Not a big deal in terms of whats going on in my brain, but its still a relapse none the less. Had a good day overall, talked to like 5 girls, some at the bar, some during the day, but none really led to anything. Still, good practice. I did have a couple drinks though, and it led to a relapse. What was frustrating, was that I went onto a site that plays tv shows, and there were some ads on the side that were of really hot girls, and that kind of got me starting. I had good intentions (watch tv shows), but it ended with me looking at escorts. On the bright side, I looked at only like 4 ads, so it wasn't to bad at all. I ended up MBing, though it was very odd. Maybe it had something to do with me being drunk, but I O'ed before I really even got hard. Weird stuff.

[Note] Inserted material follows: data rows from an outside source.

lemma le_lce_x_iff:
  assumes "a \<le> i" "i \<le> k"
  shows "i - a \<le> lce_x E x k a \<longleftrightarrow> (\<forall>t. a \<le> t \<longrightarrow> t < i \<longrightarrow> E (x t) (x (Suc t)))"
proof -
  define P where
    "P g \<longleftrightarrow> a \<le> g \<and> g \<le> k \<and> (\<forall>t. a \<le> t \<and> t < g \<longrightarrow> E (x t) (x (Suc t)))" for g
  define m where "m = Greatest P"
  have lce: "lce_x E x k a = m - a" unfolding lce_x_def P_def m_def by simp
  have bounded: "\<forall>g. P g \<longrightarrow> g \<le> k" unfolding P_def by auto
  have "P a" using assms unfolding P_def by auto
  then have "P m" unfolding m_def using GreatestI_nat bounded by blast
  then have ge: "a \<le> m" and chain: "\<forall>t. a \<le> t \<and> t < m \<longrightarrow> E (x t) (x (Suc t))"
    unfolding P_def by simp_all
  show ?thesis
  proof
    assume "i - a \<le> lce_x E x k a"
    then have "i \<le> m" using lce assms(1) ge by linarith
    then show "\<forall>t. a \<le> t \<longrightarrow> t < i \<longrightarrow> E (x t) (x (Suc t))" using chain by simp
  next
    assume "\<forall>t. a \<le> t \<longrightarrow> t < i \<longrightarrow> E (x t) (x (Suc t))"
    then have "P i" using assms unfolding P_def by auto
    then have "i \<le> m" unfolding m_def using Greatest_le_nat bounded by blast
    then show "i - a \<le> lce_x E x k a" using lce by simp
  qed
qed

lemma le_lce_y_iff:
  assumes "b \<le> j"
  shows "j - b \<le> lce_y E y j \<longleftrightarrow> (\<forall>t. b \<le> t \<longrightarrow> t < j \<longrightarrow> E (y (Suc t)) (y t))"
proof -
  define P where "P m \<longleftrightarrow> m \<le> j \<and> (\<forall>t. m \<le> t \<and> t < j \<longrightarrow> E (y (Suc t)) (y t))" for m
  define m where "m = Least P"
  have lce: "lce_y E y j = j - m" unfolding lce_y_def P_def m_def by simp
  have "P j" unfolding P_def by auto
  then have "P m" unfolding m_def by (rule LeastI)
  then have le: "m \<le> j" and chain: "\<forall>t. m \<le> t \<and> t < j \<longrightarrow> E (y (Suc t)) (y t)"
    unfolding P_def by simp_all
  show ?thesis
  proof
    assume "j - b \<le> lce_y E y j"
    then have "m \<le> b" using lce assms le by linarith
    then show "\<forall>t. b \<le> t \<longrightarrow> t < j \<longrightarrow> E (y (Suc t)) (y t)" using chain by simp
  next
    assume "\<forall>t. b \<le> t \<longrightarrow> t < j \<longrightarrow> E (y (Suc t)) (y t)"
    then have "P b" using assms unfolding P_def by auto
    then have "m \<le> b" unfolding m_def by (rule Least_le)
    then show "j - b \<le> lce_y E y j" using lce by simp
  qed
qed

text \<open>
  They survive reversing the
  edges, negating the coordinate and swapping x with y (lemma mirror), which reduces the
  case i < j to the case j < i.
\<close>
locale nc_graph =
  fixes E :: "node \<Rightarrow> node \<Rightarrow> bool" and c :: "node \<Rightarrow> real"
    and x y :: "nat \<Rightarrow> node" and k :: nat
  assumes edge_increasing: "E a b \<Longrightarrow> c a < c b"
    and edge_listed: "E a b \<Longrightarrow> {a, b} \<subseteq> x ` {..k} \<union> y ` {..k}"
    and x_increasing: "p < q \<Longrightarrow> q \<le> k \<Longrightarrow> c (x p) < c (x q)"
    and y_decreasing: "p < q \<Longrightarrow> q \<le> k \<Longrightarrow> c (y q) < c (y p)"
    and x_below_y: "c (x k) < c (y k)"
begin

Drinking is fun, but honestly, its something I have to be very careful with. When I relapsed, it was like my streak and this site didn't even exist. Had I thought of this site or the streak, I may have been ok. Also, I think about girls that I know/ have met that are unavailable, but that I liked a lot, and perhaps liked me, and I think about how visiting an escort is, in their eyes, probably so repulsive. I know I shouldn't care so much about what others think, but in this case, I really can't help it. I guess everyone's got their "dark side" though, and I just have to keep working towards defeating mine.
Oh well, just gotta start back up again. While I have other means of getting online, I am going to start "selfcontrolling" my cpu in order to remind myself of what i'm doing.